(* Let $P$ be a finite point set in general position. Every cut vertex of $G_\bigtriangledown(P)$ lies on the boundary of the outer (unbounded) face of the straight-line plane embedding of $G_\bigtriangledown(P)$.
   Context: A finite point set $P$ in the plane is in general position if no line through two points of $P$ makes an angle of $0^\circ$, $60^\circ$ or $120^\circ$ with the horizontal. A down-triangle is an equilateral triangle with one side parallel to the $x$-axis and the corner opposite to this side below that side. $G_\bigtriangledown(P)$ is the graph with vertex set $P$ in which $p,q$ are adjacent iff some (closed) down-triangle contains $p$ and $q$ and no other point of $P$. Drawing each edge $pq$ as the straight segment $pq$ gives a plane embedding of $G_\bigtriangledown(P)$. *)

theory Defs
  imports "HOL-Analysis.Analysis"
begin

type_synonym pt = "real \<times> real"

definition general_position :: "pt set \<Rightarrow> bool" where
  "general_position P \<longleftrightarrow>
     (\<forall>p\<in>P. \<forall>q\<in>P. p \<noteq> q \<longrightarrow>
        snd q - snd p \<noteq> 0 \<and>
        snd q - snd p \<noteq> sqrt 3 * (fst q - fst p) \<and>
        snd q - snd p \<noteq> - sqrt 3 * (fst q - fst p))"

———

__TASK DESCRIPTION__. Search the records for the word "plane" and copy every line where it occurs.

__THE COMPLETED TASK__.
(* Let $P$ be a finite point set in general position. Every cut vertex of $G_\bigtriangledown(P)$ lies on the boundary of the outer (unbounded) face of the straight-line plane embedding of $G_\bigtriangledown(P)$.
   Context: A finite point set $P$ in the plane is in general position if no line through two points of $P$ makes an angle of $0^\circ$, $60^\circ$ or $120^\circ$ with the horizontal. A down-triangle is an equilateral triangle with one side parallel to the $x$-axis and the corner opposite to this side below that side. $G_\bigtriangledown(P)$ is the graph with vertex set $P$ in which $p,q$ are adjacent iff some (closed) down-triangle contains $p$ and $q$ and no other point of $P$. Drawing each edge $pq$ as the straight segment $pq$ gives a plane embedding of $G_\bigtriangledown(P)$. *)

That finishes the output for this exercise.